■ Activity ■
Look through the lines below, find those with the word "times", and copy them.

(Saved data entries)
- Opening Delimiter -

lemma abs_pair_weight_le:
  assumes "norm n = 1" and "m > 0" and "l \<in> Lam m" and "l' \<in> Lam m"
  shows "\<bar>pair_weight m n l l'\<bar> \<le> 1 + 36 * pi\<^sup>2 + 1296 * pi ^ 4"
proof -
  define q q' where "q = l \<bullet> (Omega n *v l')" and "q' = l' \<bullet> (Omega n *v l)"
  have form_le: "\<bar>a \<bullet> (Omega n *v b)\<bar> \<le> 9 * real m" if "a \<in> Lam m" and "b \<in> Lam m" for a b
    using abs_inner_matrix_vector_le [of "Omega n" 1 a "sqrt (real m)" b]
    by (simp add: abs_Omega_le_1 abs_Lam_component_le assms that)
  then have q_le: "\<bar>q\<bar> \<le> 9 * real m" and "\<bar>q'\<bar> \<le> 9 * real m"
    unfolding q_def q'_def using assms by simp_all
  then have qq'_le: "\<bar>q\<bar> * \<bar>q'\<bar> \<le> (9 * real m) * (9 * real m)"
    by (intro mult_mono) simp_all
  have triangle: "\<bar>1 - a + b\<bar> \<le> 1 + \<bar>a\<bar> + \<bar>b\<bar>" for a b :: real
    by arith
  have "\<bar>pair_weight m n l l'\<bar>
      \<le> 1 + \<bar>4 * pi\<^sup>2 * q / m\<bar> + \<bar>16 * pi ^ 4 * q * q' / (real m)\<^sup>2\<bar>"
    unfolding pair_weight_def q_def [symmetric] q'_def [symmetric] by (rule triangle)
  also have "\<dots> = 1 + 4 * pi\<^sup>2 * \<bar>q\<bar> / m + 16 * pi ^ 4 * (\<bar>q\<bar> * \<bar>q'\<bar>) / (real m)\<^sup>2"
    by (simp add: abs_mult)
  also have "\<dots> \<le> 1 + 4 * pi\<^sup>2 * (9 * real m) / m
      + 16 * pi ^ 4 * ((9 * real m) * (9 * real m)) / (real m)\<^sup>2"
    using q_le qq'_le by (intro add_mono order_refl divide_right_mono mult_left_mono) simp_all
  also have "\<dots> = 1 + 36 * pi\<^sup>2 + 1296 * pi ^ 4"
    using assms by (simp add: field_simps power2_eq_square)
  finally show ?thesis .
qed

lemma sum_sum_add_eq_sum_sum_diff:
  fixes f :: "'a::ab_group_add \<Rightarrow> 'b::comm_monoid_add"
  assumes "uminus ` S = S"
  shows "(\<Sum>l\<in>S. \<Sum>l'\<in>S. f (l + l')) = (\<Sum>l\<in>S. \<Sum>l'\<in>S. f (l - l'))"
proof (rule sum.cong [OF refl])
  fix l
  have "(\<Sum>l'\<in>S. f (l - l')) = (\<Sum>l'\<in>uminus ` S. f (l + l'))"
    by (subst sum.reindex) (auto simp: inj_on_def)
  then show "(\<Sum>l'\<in>S. f (l + l')) = (\<Sum>l'\<in>S. f (l - l'))"
    by (simp add: assms)
qed

lemma sum_sum_diff_eq_diagonal_plus_offdiagonal:
  fixes f :: "'a::ab_group_add \<Rightarrow> 'b::semiring_1"
  assumes "finite S"
  shows "(\<Sum>l\<in>S. \<Sum>l'\<in>S. f (l - l'))
    = of_nat (card S) * f 0 + (\<Sum>(l, l')\<in>{(l, l'). l \<in> S \<and> l' \<in> S \<and> l \<noteq> l'}. f (l - l'))"
proof -
  let ?D = "(\<lambda>l. (l, l)) ` S" and ?O = "{(l, l'). l \<in> S \<and> l' \<in> S \<and> l \<noteq> l'}"
  have "S \<times> S = ?D \<union> ?O" and "finite ?O"
    using assms by (auto intro: finite_subset [of _ "S \<times> S"])
  then have "(\<Sum>(l, l')\<in>S \<times> S. f (l - l'))
      = (\<Sum>(l, l')\<in>?D. f (l - l')) + (\<Sum>(l, l')\<in>?O. f (l - l'))"
    using assms by (simp only:) (rule sum.union_disjoint, auto)
  also have "(\<Sum>(l, l')\<in>?D. f (l - l')) = of_nat (card S) * f 0"
    by (simp add: sum.reindex inj_on_def)
  finally show ?thesis
    by (simp add: sum.cartesian_product)
qed

lemma norm_integral_integrand_le:
  assumes "norm n = 1" and "m > 0" and "A \<ge> 0" and "B \<ge> 0"
  shows "cmod (integral (({0..A} \<times> {0..B}) \<times> ({0..A} \<times> {0..B})) (integrand m n xi eta))
    \<le> (1 + 36 * pi\<^sup>2 + 1296 * pi ^ 4)
        * ((A * B)\<^sup>2 / real (NN m) + GG m xi eta A B / (real (NN m))\<^sup>2)"
proof -
  define K where "K = 1 + 36 * pi\<^sup>2 + 1296 * pi ^ 4"
  define P where "P mu = (cmod (plane_integral xi eta A B mu))\<^sup>2" for mu
  have "cmod (integral (({0..A} \<times> {0..B}) \<times> ({0..A} \<times> {0..B})) (integrand m n xi eta))
      = \<bar>\<Sum>l\<in>Lam m. \<Sum>l'\<in>Lam m. pair_weight m n l l' * P (l + l')\<bar> / (real (NN m))\<^sup>2"
    unfolding integral_integrand_eq norm_of_real by (simp add: P_def)
  also have "\<dots> \<le> (\<Sum>l\<in>Lam m. \<Sum>l'\<in>Lam m. K * P (l + l')) / (real (NN m))\<^sup>2"
  proof (intro divide_right_mono order_trans [OF sum_abs] sum_mono order_trans [OF sum_abs])
    fix l l' assume "l \<in> Lam m" and "l' \<in> Lam m"
    then have "\<bar>pair_weight m n l l'\<bar> \<le> K"
      unfolding K_def using assms by (intro abs_pair_weight_le)
    then show "\<bar>pair_weight m n l l' * P (l + l')\<bar> \<le> K * P (l + l')"
      by (simp add: abs_mult P_def mult_right_mono)
  qed simp
  also have "\<dots> = K * (\<Sum>l\<in>Lam m. \<Sum>l'\<in>Lam m. P (l - l')) / (real (NN m))\<^sup>2"
    using sum_sum_add_eq_sum_sum_diff [OF uminus_Lam, of "\<lambda>mu. K * P mu"]
    by (simp add: sum_distrib_left)
  also have "\<dots> = K * (real (NN m) * (A * B)\<^sup>2 + GG m xi eta A B) / (real (NN m))\<^sup>2"
  proof -
    have "P 0 = (A * B)\<^sup>2"
      by (simp add: P_def norm_plane_integral_0 assms)
    moreover have "GG m xi eta A B
        = (\<Sum>(l, l')\<in>{(l, l'). l \<in> Lam m \<and> l' \<in> Lam m \<and> l \<noteq> l'}. P (l - l'))"
      by (simp add: GG_def P_def plane_integral_def)
    ultimately show ?thesis
      unfolding sum_sum_diff_eq_diagonal_plus_offdiagonal [OF finite_Lam, of P] NN_def by simp
  qed
  also have "\<dots> = K * ((A * B)\<^sup>2 / real (NN m) + GG m xi eta A B / (real (NN m))\<^sup>2)"
    by (cases "NN m = 0") (simp_all add: field_simps power2_eq_square)
  finally show ?thesis
    unfolding K_def .
qed
lemma degree:
  assumes "i < n"
  shows "scycle_deg k s m i = (if 1 \<le> i mod d \<and> i mod d \<le> r then q + 1 else q)"
proof -
  define P where "P w \<longleftrightarrow> 1 \<le> w * d + i mod d \<and> w * d + i mod d \<le> k" for w
  have "{e\<in>edges. i \<in> e} = edge ` {j\<in>{..<m}. i \<in> edge j}"
    by (auto simp: scycle_edges_def)
  moreover have "inj_on edge {j\<in>{..<m}. i \<in> edge j}"
    by (rule inj_on_subset[OF inj_on_edge]) auto
  ultimately have "scycle_deg k s m i = card {j\<in>{..<m}. i \<in> edge j}"
    unfolding scycle_deg_def by (simp add: card_image)
  also have "{j\<in>{..<m}. i \<in> edge j} = {j\<in>{..<m}. P (offset i j)}"
    using mem_edge_iff[OF assms] by (auto simp: P_def)
  also have "card \<dots> = card (offset i ` {j\<in>{..<m}. P (offset i j)})"
    by (rule card_image[symmetric], rule inj_on_subset[OF inj_on_offset[OF assms]]) auto
  also have "offset i ` {j\<in>{..<m}. P (offset i j)} = {w\<in>offset i ` {..<m}. P w}"
    by auto
  also have "\<dots> = {w\<in>{..<m}. P w}"
    by (simp only: offset_image[OF assms])
  also have "card \<dots> = (if 1 \<le> i mod d \<and> i mod d \<le> r then q + 1 else q)"
    unfolding P_def using d_ge_2 by (intro card_offsets_in_edge) simp
  finally show ?thesis .
qed
lemma glide_cuts_ConsD:
  assumes cuts: "glide_cuts m (x # a) B R \<iota>"
  shows "0 < \<iota> 1 \<and> \<iota> 1 \<le> Suc m \<and> block_at x 0 (\<iota> 1) B R \<and>
    glide_cuts (Suc m - \<iota> 1) a (\<lambda>k. B (\<iota> 1 + k)) (\<lambda>k. R (\<iota> 1 + k)) (\<lambda>j. \<iota> (Suc j) - \<iota> 1)"
proof -
  let ?s = "\<iota> 1"
  have s_le: "?s \<le> \<iota> j" if "1 \<le> j" "j \<le> Suc (length a)" for j
    using glide_cuts_mono[OF cuts, of 1 j] that by simp
  have shifted: "?s + (\<iota> j - ?s) = \<iota> j" if "1 \<le> j" "j \<le> Suc (length a)" for j
    using s_le[OF that] by simp
  have step: "\<iota> j < \<iota> (Suc j)" if "j \<le> length a" for j
    using cuts that unfolding glide_cuts_def by simp
  have ub: "\<iota> j \<le> m + j" if "1 \<le> j" "j \<le> Suc (length a)" for j
    using cuts that unfolding glide_cuts_def by simp
  have blocks: "block_at ((x # a) ! (j - 1)) (\<iota> (j - 1)) (\<iota> j) B R"
    if "1 \<le> j" "j \<le> Suc (length a)" for j
    using cuts that unfolding glide_cuts_def by simp
  have "glide_cuts (Suc m - ?s) a (\<lambda>k. B (?s + k)) (\<lambda>k. R (?s + k)) (\<lambda>j. \<iota> (Suc j) - ?s)"
    unfolding glide_cuts_def
  proof (intro conjI allI impI ballI)
    fix j assume "j < length a"
    then show "\<iota> (Suc j) - ?s < \<iota> (Suc (Suc j)) - ?s"
      using step[of "Suc j"] s_le[of "Suc j"] by simp
  next
    fix j assume "j \<in> {1..length a}"
    then show "\<iota> (Suc j) - ?s \<le> Suc m - ?s + j" using ub[of "Suc j"] ub[of 1] by auto
  next
    fix k assume k: "\<iota> (Suc (length a)) - ?s < k \<and> k \<le> Suc m - ?s + length a"
    then show "B (?s + k) = 0"
      using cuts ub[of 1] shifted[of "Suc (length a)"] unfolding glide_cuts_def by auto
  next
    fix j assume j: "j \<in> {1..length a}"
    then show "block_at (a ! (j - 1)) (\<iota> (Suc (j - 1)) - ?s) (\<iota> (Suc j) - ?s)
        (\<lambda>k. B (?s + k)) (\<lambda>k. R (?s + k))"
      using blocks[of "Suc j"] shifted[of j] shifted[of "Suc j"] by (simp add: block_at_shift)
  qed (simp add: cuts)
  moreover have "0 < ?s" using step[of 0] cuts unfolding glide_cuts_def by simp
  ultimately show ?thesis using ub[of 1] blocks[of 1] cuts unfolding glide_cuts_def by simp
qed

lemma glide_cuts_ConsI:
  assumes s: "0 < s" "s \<le> Suc m" and blk: "block_at x 0 s B R"
    and cuts: "glide_cuts (Suc m - s) a (\<lambda>k. B (s + k)) (\<lambda>k. R (s + k)) \<iota>"
  shows "glide_cuts m (x # a) B R (\<lambda>j. if j = 0 then 0 else s + \<iota> (j - 1))"
  unfolding glide_cuts_def
proof (intro conjI allI impI ballI)
  fix j assume "j < length (x # a)"
  then show "(if j = 0 then 0 else s + \<iota> (j - 1)) < (if Suc j = 0 then 0 else s + \<iota> (Suc j - 1))"
    using s cuts unfolding glide_cuts_def by (cases j) auto
next
  fix j assume j: "j \<in> {1..length (x # a)}"
  show "(if j = 0 then 0 else s + \<iota> (j - 1)) \<le> m + j"
  proof (cases "j = 1")
    case False
    with j have "j - 1 \<in> {1..length a}" by auto
    then have "\<iota> (j - 1) \<le> Suc m - s + (j - 1)"
      using cuts unfolding glide_cuts_def by blast
    with j s show ?thesis by auto
  qed (use s cuts in \<open>simp add: glide_cuts_def\<close>)
next
  fix k assume "(if length (x # a) = 0 then 0 else s + \<iota> (length (x # a) - 1)) < k \<and>
    k \<le> m + length (x # a)"
  then show "B k = 0"
    using s cuts unfolding glide_cuts_def by (auto dest!: spec[of _ "k - s"])
next
  fix j assume j: "j \<in> {1..length (x # a)}"
  show "block_at ((x # a) ! (j - 1)) (if j - 1 = 0 then 0 else s + \<iota> (j - 1 - 1))
      (if j = 0 then 0 else s + \<iota> (j - 1)) B R"
  proof (cases "j = 1")
    case True
    then show ?thesis using blk cuts unfolding glide_cuts_def by simp
  next
    case False
    with j have "block_at (a ! (j - 2)) (\<iota> (j - 2)) (\<iota> (j - 1)) (\<lambda>k. B (s + k)) (\<lambda>k. R (s + k))"
      using cuts unfolding glide_cuts_def
      by (auto dest!: bspec[of _ _ "j - 1"] simp: numeral_2_eq_2)
    with False j show ?thesis
      using cuts unfolding glide_cuts_def block_at_shift
      by (cases j) (auto simp: numeral_2_eq_2)
  qed
qed simp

- Closing Delimiter -

■ Solution to this exercise ■
  have "S \<times> S = ?D \<union> ?O" and "finite ?O"
    using assms by (auto intro: finite_subset [of _ "S \<times> S"])
  then have "(\<Sum>(l, l')\<in>S \<times> S. f (l - l'))
  shows "cmod (integral (({0..A} \<times> {0..B}) \<times> ({0..A} \<times> {0..B})) (integrand m n xi eta))
  have "cmod (integral (({0..A} \<times> {0..B}) \<times> ({0..A} \<times> {0..B})) (integrand m n xi eta))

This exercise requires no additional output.